Life seems so vulgar, so easily content with the commonplace things of every day, and yet it always nurses and cherishes certain higher claims in secret, and looks about for the means of satisfying them.
It is not enough to know, we must also apply; it is not enough to will, we must also do.
It is not always needful for truth to take a definite shape; it is enough if it hovers about us like a spirit and produces harmony; if it is wafted through the air like the sound of a bell, grave and kindly.
It is no wonder that we all more or less delight in the mediocre, because it leaves us in peace: it gives us the comfortable feeling of intercourse with what is like ourselves.
It is difficult to know how to treat the errors of the age.
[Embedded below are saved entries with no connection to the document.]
lemma cos_pi_sq_le_exp:
  assumes "0 \<le> e" and "e \<le> 1/2"
  shows "cos (pi * e)^2 \<le> exp (- 3 * e^2)"
proof -
  define y where "y = pi * e / 2"
  have "0 \<le> y" using assms by (simp add: y_def)
  have "pi * e \<le> 4 * e"
    using pi_less_4 assms by (intro mult_right_mono) auto
  then have "y \<le> 1" using assms by (simp add: y_def)
  then have "y * y^2 \<le> y"
    using \<open>0 \<le> y\<close> by (simp add: mult_left_le power_le_one)
  then have "5/6 * y \<le> sin y"
    using sin_ge_cubic[OF \<open>0 \<le> y\<close>] by (simp add: power3_eq_cube power2_eq_square)
  then have "(5/6 * y)^2 \<le> sin y ^ 2"
    using \<open>0 \<le> y\<close> by (intro power_mono) auto
  moreover have "cos (pi * e) = 1 - 2 * sin y ^ 2"
    using cos_double_sin[of "pi * e / 2"] by (simp add: y_def)
  moreover have "3 * e^2 \<le> 2 * (5/6 * y)^2"
  proof -
    have "3 * 3 \<le> pi * pi" using pi_gt3 by (intro mult_mono) auto
    then have "3 * e^2 \<le> 25/72 * (pi * pi) * e^2" by (intro mult_right_mono) auto
    then show ?thesis by (simp add: y_def power2_eq_square mult_ac)
  qed
  ultimately have cos_le: "cos (pi * e) \<le> 1 - 3 * e^2"
    by linarith
  have "0 \<le> pi * e" and "pi * e \<le> pi * (1/2)"
    using assms by (auto intro: mult_left_mono)
  then have "0 \<le> cos (pi * e)"
    using pi_gt_zero by (intro cos_ge_zero) linarith+
  then have "cos (pi * e)^2 \<le> cos (pi * e)"
    by (simp add: power2_eq_square mult_left_le_one_le)
  also have "\<dots> \<le> exp (- 3 * e^2)"
    using cos_le exp_ge_add_one_self[of "- 3 * e^2"] by simp
  finally show ?thesis .
qed

lemma ln_less_four_root: "0 < x \<Longrightarrow> ln x < 4 * root 4 x"
proof -
  assume "0 < x"
  then have "ln x = 4 * ln (root 4 x)"
    by (simp add: ln_root)
  also have "\<dots> < 4 * root 4 x"
    using \<open>0 < x\<close> by (simp add: ln_less_self)
  finally show ?thesis .
qed

lemma cubic_bound_of_hypothesis:
  fixes n D :: nat and e :: real
  assumes "3 \<le> n" and "0 < e" and "e \<le> 1/2"
    and "real n^3 * 3^(n-1) / 2^(n+1) < real D^2 * e^(2*n)"
  shows "9/16 * real n^3 < real D^2 * e^6"
proof -
  obtain m where n: "n = m + 3"
    using assms(1) by (metis add.commute le_Suc_ex)
  have "(9/16::real) \<le> 9/16 * (3/2)^m"
    by (simp add: one_le_power)
  also have "\<dots> = 3^(n-1) / 2^(n+1)"
    by (simp add: n power_add power_divide)
  finally have "9/16 * real n^3 \<le> 3^(n-1) / 2^(n+1) * real n^3"
    by (rule mult_right_mono) simp
  also have "\<dots> = real n^3 * 3^(n-1) / 2^(n+1)"
    by simp
  also have "\<dots> < real D^2 * e^(2*n)"
    by (fact assms(4))
  also have "\<dots> \<le> real D^2 * e^6"
    using assms by (intro mult_left_mono power_decreasing) auto
  finally show ?thesis .
qed

lemma quartic_bound_of_cubic_bound:
  fixes n D :: nat and e :: real
  assumes "1 \<le> n" and "0 < e" and "e \<le> 1/2" and "9/16 * real n^3 < real D^2 * e^6"
  shows "64 * real n^4 \<le> 81 * e^8 * real D^3"
proof -
  define Y where "Y = real D^2 * e^6"
  have "(9/16 * real n^3)^3 \<le> Y^3"
    using assms(4) by (intro power_mono) (auto simp: Y_def)
  moreover have "(9/16 * real n^3)^3 = (9/16)^3 * real n^(3*3)"
    by (simp only: power_mult_distrib power_mult)
  moreover have "(9/16::real)^3 = 729/4096"
    by (simp add: power3_eq_cube)
  ultimately have Y3: "729/4096 * real n^9 \<le> Y^3"
    by simp
  have "e^2 \<le> (1/2)^2"
    using assms(2,3) by (intro power_mono) auto
  then have "6561 * Y^3 * (4 * e^2) \<le> 6561 * Y^3 * 1"
    by (intro mult_left_mono) (auto simp: Y_def power2_eq_square)
  then have "6561 * 4 * Y^3 \<le> 6561 * Y^3 / e^2"
    using assms(2) by (simp add: field_simps)
  have "(64 * real n^4)^2 = 4096 * real n^8"
    by (simp flip: power_mult)
  also have "\<dots> \<le> 4096 * real n^9"
    using assms(1) by (simp add: power_increasing)
  also have "\<dots> \<le> 6561 * 4 * Y^3"
    using Y3 zero_le_power[of "real n" 9] by linarith
  also have "\<dots> \<le> 6561 * Y^3 / e^2"
    by fact
  also have "\<dots> = (81 * e^8 * real D^3)^2"
    using assms(2) by (simp add: Y_def field_simps power_mult_distrib flip: power_mult power_add)
  finally show ?thesis
    by (rule power2_le_imp_le) simp
qed

lemma root_bound_of_quartic_bound:
  fixes n D :: nat and e :: real
  assumes "64 * real n^4 \<le> 81 * e^8 * real D^3"
  shows "2 * real n * root 4 (4 * real D) \<le> 3 * e^2 * real D"
proof -
  have "64 * real n^4 * real D \<le> 81 * e^8 * real D^3 * real D"
    using assms by (intro mult_right_mono) auto
  moreover have "(2 * real n * root 4 (4 * real D))^4 = 64 * real n^4 * real D"
    by (simp add: power_mult_distrib)
  moreover have "(3 * e^2 * real D)^4 = 81 * e^8 * real D^3 * real D"
    by (simp add: power_mult_distrib eval_nat_numeral)
  ultimately have "(2 * real n * root 4 (4 * real D))^4 \<le> (3 * e^2 * real D)^4"
    by linarith
  then show ?thesis
    using power_mono_iff[of "2 * real n * root 4 (4 * real D)" "3 * e^2 * real D" 4] by simp
qed

lemma power_less_exp_of_hypothesis:
  fixes n D :: nat and e :: real
  assumes "3 \<le> n" and "0 < e" and "e < 1/2" and "1 \<le> D"
    and "real n^3 * 3^(n-1) / 2^(n+1) < real D^2 * e^(2*n)"
  shows "(4 * real D)^n < exp (6 * e^2 * real D)"
proof -
  have "9/16 * real n^3 < real D^2 * e^6"
    using assms(3) by (intro cubic_bound_of_hypothesis[OF assms(1,2) _ assms(5)]) simp
  then have "64 * real n^4 \<le> 81 * e^8 * real D^3"
    using assms(1,3) by (intro quartic_bound_of_cubic_bound[OF _ assms(2)]) simp_all
  then have "2 * real n * root 4 (4 * real D) \<le> 3 * e^2 * real D"
    by (rule root_bound_of_quartic_bound)
  moreover have "real n * ln (4 * real D) < real n * (4 * root 4 (4 * real D))"
    using assms(1,4) by (intro mult_strict_left_mono ln_less_four_root) auto
  ultimately have "real n * ln (4 * real D) < 6 * e^2 * real D"
    by linarith
  moreover have "(4 * real D)^n = exp (real n * ln (4 * real D))"
    using assms(4) by (simp add: exp_ln_iff ln_realpow[symmetric])
  ultimately show ?thesis
    by simp
qed

lemma central_binomial_power_lower_bound:
  assumes "1 \<le> D"
  shows "1 \<le> (real (2*D choose D) / 4^D)^(2*n) * (4 * real D)^n"
proof -
  define C where "C = real (2*D choose D)"
  have "(4::real)^D * 4^D = 16^D"
    by (simp flip: power_mult_distrib)
  then have "(C / 4^D)^2 * (4 * real D) = 4 * real D * C^2 / 16^D"
    by (simp add: power_divide power2_eq_square)
  then have "1 \<le> (C / 4^D)^2 * (4 * real D)"
    using central_binomial_sq_lower_bound[OF assms] by (simp add: C_def)
  then show ?thesis
    using one_le_power[of "(C / 4^D)^2 * (4 * real D)" n]
    by (simp add: C_def power_mult power_mult_distrib)
qed

lemma cos_pi_power_less_central_binomial_power:
  fixes n D :: nat and e :: real
  assumes "3 \<le> n" and "0 < e" and "e < 1/2" and "1 \<le> D"
    and "real n^3 * 3^(n-1) / 2^(n+1) < real D^2 * e^(2*n)"
  shows "cos (pi * e)^(2*D) < (real (2*D choose D) / 4^D)^n"
proof -
  define \<beta> where "\<beta> = real (2*D choose D) / 4^D"
  have "cos (pi * e)^(4*D) = (cos (pi * e)^2)^(2*D)"
    by (simp flip: power_mult)
  also have "\<dots> \<le> exp (- 3 * e^2)^(2*D)"
    using assms by (intro power_mono cos_pi_sq_le_exp) auto
  also have "\<dots> = exp (- (6 * e^2 * real D))"
    by (simp flip: exp_of_nat_mult)
  finally have "cos (pi * e)^(4*D) * (4 * real D)^n \<le> exp (- (6 * e^2 * real D)) * (4 * real D)^n"
    by (intro mult_right_mono) auto
  also have "\<dots> < exp (- (6 * e^2 * real D)) * exp (6 * e^2 * real D)"
    using power_less_exp_of_hypothesis[OF assms] by (intro mult_strict_left_mono) auto
  also have "\<dots> \<le> \<beta>^(2*n) * (4 * real D)^n"
    using central_binomial_power_lower_bound[OF assms(4)] by (simp add: \<beta>_def flip: exp_add)
  finally have "cos (pi * e)^(4*D) < \<beta>^(2*n)"
    by (rule mult_right_less_imp_less) simp
  moreover have "cos (pi * e)^(4*D) = (cos (pi * e)^(2*D))^2" and "\<beta>^(2*n) = (\<beta>^n)^2"
    by (simp_all flip: power_mult add: mult.commute)
  ultimately have "(cos (pi * e)^(2*D))^2 < (\<beta>^n)^2"
    by simp
  then show ?thesis
    unfolding \<beta>_def by (rule power_less_imp_less_base) simp
qed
If a man oppose them, he stands alone; if he surrender to them, they bring him neither joy nor credit.
It is as certain as it is strange that truth and error come from one and the same source. Thus it is that we are often not at liberty to do violence to error, because at the same time we do violence to truth.
Ingratitude is always a kind of weakness. I have never known men of ability to be ungrateful.
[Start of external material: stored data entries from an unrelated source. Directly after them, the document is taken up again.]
text \<open>Index conventions, matching those of \<^const>\<open>nabla_phi\<close> and \<^const>\<open>nabla_ricci\<close>:
  \<open>nabla_vector g X p i k\<close> is the \<open>k\<close>-th component of \<open>\<nabla>\<^sub>\<partial>\<^sub>i X\<close>,
  \<open>nabla_covector g H p i j = (\<nabla>\<^sub>\<partial>\<^sub>i H)(\<partial>\<^sub>j)\<close> and
  \<open>nabla_bilinear g T p i j k = (\<nabla>\<^sub>\<partial>\<^sub>i T)(\<partial>\<^sub>j, \<partial>\<^sub>k)\<close>.\<close>

definition nabla_vector :: "(real^'m \<Rightarrow> real^'m^'m) \<Rightarrow> (real^'m \<Rightarrow> real^'m) \<Rightarrow> real^'m
    \<Rightarrow> 'm::finite \<Rightarrow> 'm \<Rightarrow> real" where
  "nabla_vector g X p i k = partial i (\<lambda>q. X q $ k) p + (\<Sum>l\<in>UNIV. christoffel g p k i l * X p $ l)"

definition nabla_covector :: "(real^'m \<Rightarrow> real^'m^'m) \<Rightarrow> (real^'m \<Rightarrow> real^'m) \<Rightarrow> real^'m
    \<Rightarrow> 'm::finite \<Rightarrow> 'm \<Rightarrow> real" where
  "nabla_covector g H p i j = partial i (\<lambda>q. H q $ j) p - (\<Sum>l\<in>UNIV. christoffel g p l i j * H p $ l)"

definition nabla_bilinear :: "(real^'m \<Rightarrow> real^'m^'m) \<Rightarrow> (real^'m \<Rightarrow> 'm \<Rightarrow> 'm \<Rightarrow> real) \<Rightarrow> real^'m
    \<Rightarrow> 'm::finite \<Rightarrow> 'm \<Rightarrow> 'm \<Rightarrow> real" where
  "nabla_bilinear g T p i j k = partial i (\<lambda>q. T q j k) p
     - (\<Sum>l\<in>UNIV. christoffel g p l i j * T p l k) - (\<Sum>l\<in>UNIV. christoffel g p l i k * T p j l)"

lemma nabla_ricci_eq_nabla_bilinear: "nabla_ricci g p i j k = nabla_bilinear g (ricci g) p i j k"
  by (simp add: nabla_ricci_def nabla_bilinear_def)

lemma nabla_bilinear_cong_open:
  assumes "open U" "p \<in> U" "\<And>q j k. q \<in> U \<Longrightarrow> S q j k = T q j k"
  shows "nabla_bilinear g S p i j k = nabla_bilinear g T p i j k"
proof -
  have "partial i (\<lambda>q. S q j k) p = partial i (\<lambda>q. T q j k) p"
    using assms by (intro partial_cong_open) auto
  then show ?thesis by (simp add: nabla_bilinear_def assms)
qed

lemma nabla_bilinear_add:
  assumes "\<And>j k. (\<lambda>q. S q j k) differentiable at p" "\<And>j k. (\<lambda>q. T q j k) differentiable at p"
  shows "nabla_bilinear g (\<lambda>q j k. S q j k + T q j k) p i j k
    = nabla_bilinear g S p i j k + nabla_bilinear g T p i j k"
  by (simp add: nabla_bilinear_def partial_add assms distrib_left sum.distrib)

lemma nabla_bilinear_cmult:
  assumes "\<And>j k. (\<lambda>q. T q j k) differentiable at p"
  shows "nabla_bilinear g (\<lambda>q j k. c * T q j k) p i j k = c * nabla_bilinear g T p i j k"
  by (simp add: nabla_bilinear_def partial_cmult assms right_diff_distrib sum_distrib_left mult.left_commute)

lemma nabla_bilinear_tensor_product:
  assumes "\<And>j. (\<lambda>q. H q $ j) differentiable at p" "\<And>k. (\<lambda>q. K q $ k) differentiable at p"
  shows "nabla_bilinear g (\<lambda>q j k. H q $ j * K q $ k) p i j k
    = nabla_covector g H p i j * K p $ k + H p $ j * nabla_covector g K p i k"
  by (simp add: nabla_bilinear_def nabla_covector_def partial_mult assms algebra_simps
      sum_distrib_left sum_distrib_right)

lemma nabla_covector_apply_of_inner_constant:
  assumes "open U" "p \<in> U" "\<And>q. q \<in> U \<Longrightarrow> H q \<bullet> X q = c"
    and "\<And>j. (\<lambda>q. H q $ j) differentiable at p" "\<And>j. (\<lambda>q. X q $ j) differentiable at p"
  shows "(\<Sum>s\<in>UNIV. nabla_covector g H p i s * X p $ s) = - (\<Sum>s\<in>UNIV. H p $ s * nabla_vector g X p i s)"
proof -
  have "partial i (\<lambda>q. \<Sum>s\<in>UNIV. H q $ s * X q $ s) p = 0"
    by (rule partial_eq_0_if_constant_on[OF assms(1,2)]) (use assms(3) in \<open>simp add: inner_vec_def\<close>)
  then have Leibniz: "(\<Sum>s\<in>UNIV. partial i (\<lambda>q. H q $ s) p * X p $ s + H p $ s * partial i (\<lambda>q. X q $ s) p) = 0"
    by (simp add: partial_sum partial_mult assms(4,5))
  have "(\<Sum>s\<in>UNIV. (\<Sum>l\<in>UNIV. christoffel g p l i s * H p $ l) * X p $ s)
      = (\<Sum>s\<in>UNIV. H p $ s * (\<Sum>l\<in>UNIV. christoffel g p s i l * X p $ l))"
    by (simp add: sum_distrib_left sum_distrib_right mult_ac) (subst sum.swap, simp add: mult_ac)
  with Leibniz show ?thesis
    by (simp add: nabla_covector_def nabla_vector_def algebra_simps sum.distrib sum_subtractf)
qed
In science it is a service of the highest merit to seek out those fragmentary truths attained by the ancients, and to develop them further.
Ignorant people raise questions which were answered by the wise thousands of years ago.
If you lay duties upon people and give them no rights, you must pay them well.
If a man thinks about his physical or moral condition, he generally finds that he is ill.
If a man sets out to study all the laws, he will have no time left to transgress them.